Equation And Standards Reference
| Topic | Expression | Meaning |
|---|---|---|
| Current to Engineering | ENG = EUlow + ((mA - 4) x (EUhigh - EUlow) / 16) | Maps a measured current into the calibrated process range. |
| Engineering to Current | mA = 4 + ((ENG - EUlow) x 16 / (EUhigh - EUlow)) | Calculates the loop current needed to represent a target process value. |
| Signal Slope | 1% span = 0.16 mA | Useful for quick calibration math and sanity checks in the field. |
| Receiver Voltage | V = (mA / 1000) x Rburden | Shows why 250 ohm converts 4-20mA into a 1-5V signal for legacy analog inputs. |
Field Workflow Matrix
| Scenario | Objective | Recommendation | Critical Checks |
|---|---|---|---|
| Commissioning a transmitter | Verify zero, quarter, half, three-quarter, and span points | Inject 4, 8, 12, 16, and 20 mA, then compare measured loop current, receiver voltage, and PLC displayed value. | Burden resistor tolerance, AI scaling constants, clamp policy, transmitter trim state |
| Diagnosing a strange analog value | Determine whether the process is truly under-range or the loop is faulting | Read actual loop current first, then compare it against NE43 boundaries before blaming the PLC scaling logic. | 3.6 mA low fault, 3.8 mA usable low limit, 20.5 mA usable high limit, 21.0 mA high fault |
| Converting 4-20mA to 1-5V | Validate a shunt-resistor interface into a voltage-style analog input | Confirm the burden resistor value and ensure the transmitter still has enough compliance voltage left. | 250 ohm nominal burden, loop supply margin, card input impedance, cable resistance |
| Writing PLC scaling logic | Build a block that behaves well during overrange and fault states | Use the linear equation plus an explicit clamp strategy, and treat NE43 fault bands separately from normal scaling. | Raw current source, clamp vs extrapolate, alarming thresholds, reverse-acting spans |
Generic PLC Scaling Snippet
raw_eng := eu_low + ((input_ma - 4.0) * (eu_high - eu_low) / 16.0); display_eng := LIMIT(MIN(eu_low, eu_high), raw_eng, MAX(eu_low, eu_high)); low_fault := input_ma < 3.6; underrange := input_ma >= 3.6 AND input_ma < 3.8; overrange := input_ma > 20.5 AND input_ma <= 21.0; high_fault := input_ma > 21.0;
Worked Example
Suppose a 0 to 10 bar transmitter is reading 13.6 mA. The signal is 9.6 mA above live zero, or 60% of span.

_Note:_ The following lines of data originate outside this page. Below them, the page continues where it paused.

(* Consider Problem 2 (defined in the context) with $k_1>k_2$ and $\bar P\ge F k_2$. Let $M=\left\lfloor\frac{\bar P-Fk_2}{k_1-k_2}\right\rfloor$. (i) If $B_3>B_2$, an optimal solution is $$X_1=\min\left\{\left\lfloor\tfrac{C}{I^S}\right\rfloor,\ F,\ M\right\},\quad X_2=\max\left\{0,\ \min\{F,M\}-X_1\right\},\quad X_3=F-X_1-X_2,$$ and the optimal value is $B^*=B_2X_2+B_3X_3$. (ii) If $B_3\le B_2$, an optimal solution is $$X_1=\min\left\{\left\lfloor\tfrac{C}{I^S}\right\rfloor,\ F,\ M\right\},\quad X_2=0,\quad X_3=F-X_1,$$ and the optimal value is $B^*=B_3X_3$.
   Context: Problem 2: Given a positive integer $F$ (number of equally popular tasks), reals $I^S>0$ (remote input data size per task), $C\ge 0$ (cache size), $\bar P$ (average power budget), $k_1>0$ and $k_2>0$ (average power consumed per task by local computing and by uplink transmission for MEC computing, respectively), $B_1=0$, and $B_2,B_3>0$ (the minimum bandwidths per task for route 2 "local computing without local caching" and route 3 "MEC computing"; route 1 is "local computing with local caching"), minimize $X_1B_1+X_2B_2+X_3B_3$ over nonnegative integers $X_1,X_2,X_3$ (numbers of tasks served via routes 1, 2, 3) subject to $I^SX_1\le C$, $k_1(X_1+X_2)+k_2X_3\le\bar P$, and $X_1+X_2+X_3=F$. $\lfloor\cdot\rfloor$ denotes the floor function. *)

theory Defs
  imports Complex_Main
begin

definition feasible2 ::
  "nat \<Rightarrow> real \<Rightarrow> real \<Rightarrow> real \<Rightarrow> real \<Rightarrow> real \<Rightarrow> nat \<Rightarrow> nat \<Rightarrow> nat \<Rightarrow> bool" where
  "feasible2 F IS C Pbar k1 k2 X1 X2 X3 \<longleftrightarrow>
     IS * real X1 \<le> C \<and>
     k1 * real (X1 + X2) + k2 * real X3 \<le> Pbar \<and>
     X1 + X2 + X3 = F"

definition cost2 :: "real \<Rightarrow> real \<Rightarrow> real \<Rightarrow> nat \<Rightarrow> nat \<Rightarrow> nat \<Rightarrow> real" where
  "cost2 B1 B2 B3 X1 X2 X3 = real X1 * B1 + real X2 * B2 + real X3 * B3"

definition optimal2 ::
  "nat \<Rightarrow> real \<Rightarrow> real \<Rightarrow> real \<Rightarrow> real \<Rightarrow> real \<Rightarrow> real \<Rightarrow> real \<Rightarrow> real \<Rightarrow> nat \<Rightarrow> nat \<Rightarrow> nat \<Rightarrow> bool" where
  "optimal2 F IS C Pbar k1 k2 B1 B2 B3 X1 X2 X3 \<longleftrightarrow>
     feasible2 F IS C Pbar k1 k2 X1 X2 X3 \<and>
     (\<forall>Y1 Y2 Y3. feasible2 F IS C Pbar k1 k2 Y1 Y2 Y3 \<longrightarrow>
        cost2 B1 B2 B3 X1 X2 X3 \<le> cost2 B1 B2 B3 Y1 Y2 Y3)"

end

theory Submission
  imports Defs
begin

text \<open>Substituting \<open>X3 = F - X1 - X2\<close> turns the power budget into the cap
  \<open>X1 + X2 \<le> M\<close> (because \<open>k1 > k2\<close>) and the cache into the cap \<open>X1 \<le> \<lfloor>C/I\<^sup>S\<rfloor>\<close>.
  With \<open>B1 = 0\<close> the cost is \<open>F B3 - (B3 - B2)(X1 + X2) - B2 X1\<close>, so when
  \<open>B2 \<le> B3\<close> it suffices to make \<open>X1\<close> and \<open>X1 + X2\<close> simultaneously as large as
  the caps allow; when \<open>B3 \<le> B2\<close> route 2 is never cheaper than route 3, the cost
  is at least \<open>B3 (F - X1)\<close>, and only \<open>X1\<close> needs to be maximal.\<close>

lemma real_le_iff_le_nat_floor:
  fixes x :: real
  assumes "x \<ge> 0"
  shows "real y \<le> x \<longleftrightarrow> y \<le> nat \<lfloor>x\<rfloor>"
  using assms by (simp add: le_nat_iff le_floor_iff)

lemma feasible2_iff_caps:
  fixes IS C Pbar k1 k2 :: real
  assumes "IS > 0" "C \<ge> 0" "k1 > k2" "Pbar \<ge> real F * k2"
  shows "feasible2 F IS C Pbar k1 k2 Y1 Y2 Y3 \<longleftrightarrow>
     Y1 \<le> nat \<lfloor>C / IS\<rfloor> \<and> Y1 + Y2 \<le> nat \<lfloor>(Pbar - real F * k2) / (k1 - k2)\<rfloor> \<and>
     Y1 + Y2 + Y3 = F"
proof -
  have cache: "IS * real Y1 \<le> C \<longleftrightarrow> Y1 \<le> nat \<lfloor>C / IS\<rfloor>"
    using assms real_le_iff_le_nat_floor[of "C / IS" Y1]
    by (simp add: pos_le_divide_eq mult.commute)
  have power: "k1 * real (Y1 + Y2) + k2 * real Y3 \<le> Pbar \<longleftrightarrow>
      Y1 + Y2 \<le> nat \<lfloor>(Pbar - real F * k2) / (k1 - k2)\<rfloor>"
    if sum: "Y1 + Y2 + Y3 = F"
  proof -
    have "real F = real Y1 + real Y2 + real Y3"
      using sum by simp
    then have "k1 * real (Y1 + Y2) + k2 * real Y3 \<le> Pbar \<longleftrightarrow>
        real (Y1 + Y2) * (k1 - k2) \<le> Pbar - real F * k2"
      by (simp add: algebra_simps)
    also have "\<dots> \<longleftrightarrow> real (Y1 + Y2) \<le> (Pbar - real F * k2) / (k1 - k2)"
      using assms by (simp add: pos_le_divide_eq)
    also have "\<dots> \<longleftrightarrow> Y1 + Y2 \<le> nat \<lfloor>(Pbar - real F * k2) / (k1 - k2)\<rfloor>"
      using assms by (intro real_le_iff_le_nat_floor) simp
    finally show ?thesis .
  qed
  show ?thesis
    unfolding feasible2_def using cache power by blast
qed

lemma cost2_no_local_cost:
  assumes "Y1 + Y2 + Y3 = F"
  shows "cost2 0 B2 B3 Y1 Y2 Y3 = real F * B3 - (B3 - B2) * real (Y1 + Y2) - B2 * real Y1"
  using assms unfolding cost2_def by (auto simp: algebra_simps)

lemma optimal2_fill_both_caps:
  fixes IS C Pbar k1 k2 B2 B3 :: real
  assumes "IS > 0" "C \<ge> 0" "k1 > k2" "Pbar \<ge> real F * k2" "0 \<le> B2" "B2 \<le> B3"
  defines "M \<equiv> nat \<lfloor>(Pbar - real F * k2) / (k1 - k2)\<rfloor>"
  defines "X1 \<equiv> min (nat \<lfloor>C / IS\<rfloor>) (min F M)"
  shows "optimal2 F IS C Pbar k1 k2 0 B2 B3 X1 (min F M - X1) (F - min F M)"
  unfolding optimal2_def
proof (intro conjI allI impI)
  note caps = feasible2_iff_caps[OF assms(1-4), folded M_def]
  have "X1 \<le> min F M"
    unfolding X1_def by (rule min.cobounded2)
  then have X: "X1 + (min F M - X1) + (F - min F M) = F" "X1 + (min F M - X1) = min F M"
    by auto
  then show "feasible2 F IS C Pbar k1 k2 X1 (min F M - X1) (F - min F M)"
    unfolding caps by (simp add: X1_def)
  fix Y1 Y2 Y3
  assume "feasible2 F IS C Pbar k1 k2 Y1 Y2 Y3"
  then have Y: "Y1 \<le> nat \<lfloor>C / IS\<rfloor>" "Y1 + Y2 \<le> M" "Y1 + Y2 + Y3 = F"
    unfolding caps by auto
  have "Y1 + Y2 \<le> min F M" "Y1 \<le> X1"
    using Y unfolding X1_def by auto
  then have "(B3 - B2) * real (Y1 + Y2) \<le> (B3 - B2) * real (min F M)"
    and "B2 * real Y1 \<le> B2 * real X1"
    using assms(5,6) by (auto intro: mult_left_mono)
  then show "cost2 0 B2 B3 X1 (min F M - X1) (F - min F M) \<le> cost2 0 B2 B3 Y1 Y2 Y3"
    unfolding cost2_no_local_cost[OF Y(3)] cost2_no_local_cost[OF X(1)] X(2) by linarith
qed

lemma optimal2_fill_cache_only:
  fixes IS C Pbar k1 k2 B2 B3 :: real
  assumes "IS > 0" "C \<ge> 0" "k1 > k2" "Pbar \<ge> real F * k2" "0 \<le> B3" "B3 \<le> B2"
  defines "X1 \<equiv> min (nat \<lfloor>C / IS\<rfloor>) (min F (nat \<lfloor>(Pbar - real F * k2) / (k1 - k2)\<rfloor>))"
  shows "optimal2 F IS C Pbar k1 k2 0 B2 B3 X1 0 (F - X1)"
  unfolding optimal2_def
proof (intro conjI allI impI)
  note caps = feasible2_iff_caps[OF assms(1-4)]
  show "feasible2 F IS C Pbar k1 k2 X1 0 (F - X1)"
    unfolding caps X1_def by auto
  fix Y1 Y2 Y3
  assume "feasible2 F IS C Pbar k1 k2 Y1 Y2 Y3"
  then have Y: "Y1 \<le> X1" "Y1 + Y2 + Y3 = F"
    unfolding caps X1_def by auto
  have "cost2 0 B2 B3 X1 0 (F - X1) = B3 * (real F - real X1)"
    unfolding cost2_def X1_def by (simp add: of_nat_diff algebra_simps)
  also have "\<dots> \<le> B3 * (real F - real Y1)"
    using Y(1) assms(5) by (intro mult_left_mono) auto
  also have "\<dots> = B3 * real Y2 + B3 * real Y3"
    using Y(2) by (auto simp: algebra_simps)
  also have "\<dots> \<le> cost2 0 B2 B3 Y1 Y2 Y3"
    unfolding cost2_def using assms(6) by (simp add: mult_right_mono mult.commute)
  finally show "cost2 0 B2 B3 X1 0 (F - X1) \<le> cost2 0 B2 B3 Y1 Y2 Y3" .
qed

theorem theorem1:
  fixes F :: nat and IS C Pbar k1 k2 B1 B2 B3 :: real
  assumes "F > 0" and "IS > 0" and "C \<ge> 0" and "k1 > 0" and "k2 > 0"
    and "B1 = 0" and "B2 > 0" and "B3 > 0"
    and "k1 > k2" and "Pbar \<ge> real F * k2"
  defines "M \<equiv> nat \<lfloor>(Pbar - real F * k2) / (k1 - k2)\<rfloor>"
  defines "X1 \<equiv> min (nat \<lfloor>C / IS\<rfloor>) (min F M)"
  shows "(B3 > B2 \<longrightarrow>
           (let X2 = max 0 (min F M - X1); X3 = F - X1 - X2 in
              optimal2 F IS C Pbar k1 k2 B1 B2 B3 X1 X2 X3 \<and>
              cost2 B1 B2 B3 X1 X2 X3 = B2 * real X2 + B3 * real X3)) \<and>
         (B3 \<le> B2 \<longrightarrow>
           (let X2 = 0; X3 = F - X1 in
              optimal2 F IS C Pbar k1 k2 B1 B2 B3 X1 X2 X3 \<and>
              cost2 B1 B2 B3 X1 X2 X3 = B3 * real X3))"
proof (intro conjI impI)
  assume "B2 < B3"
  then have "optimal2 F IS C Pbar k1 k2 0 B2 B3 X1 (min F M - X1) (F - min F M)"
    using assms(2,3,7,9,10) unfolding M_def X1_def by (intro optimal2_fill_both_caps) auto
  moreover have "F - X1 - (min F M - X1) = F - min F M"
    unfolding X1_def by (simp add: min_def)
  ultimately show "let X2 = max 0 (min F M - X1); X3 = F - X1 - X2 in
      optimal2 F IS C Pbar k1 k2 B1 B2 B3 X1 X2 X3 \<and>
      cost2 B1 B2 B3 X1 X2 X3 = B2 * real X2 + B3 * real X3"
    using assms(6) by (simp add: cost2_def)
next
  assume "B3 \<le> B2"
  then have "optimal2 F IS C Pbar k1 k2 0 B2 B3 X1 0 (F - X1)"
    using assms(2,3,8,9,10) unfolding M_def X1_def by (intro optimal2_fill_cache_only) auto
  then show "let X2 = 0; X3 = F - X1 in
      optimal2 F IS C Pbar k1 k2 B1 B2 B3 X1 X2 X3 \<and>
      cost2 B1 B2 B3 X1 X2 X3 = B3 * real X3"
    using assms(6) by (simp add: cost2_def)
qed

end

The engineering result is therefore 6.0 bar. If the receiver uses a 250 ohm shunt, the equivalent input voltage is 3.4 V.
That one check lets you validate the transmitter, the shunt, and the PLC display against the same physical signal.
Why This Tool Matters
A simple formula is not enough in real automation work. You also need to know whether a given current is normal, under-range, over-range, or a real fault signal.
You need calibration checkpoints that match field calibrators, not just a single answer. And when a loop is shunted into a voltage input, you need to understand the receiver voltage immediately without switching tools.
That is why this page combines scaling math, NE43 interpretation, checkpoint generation, and burden-voltage conversion in one workflow.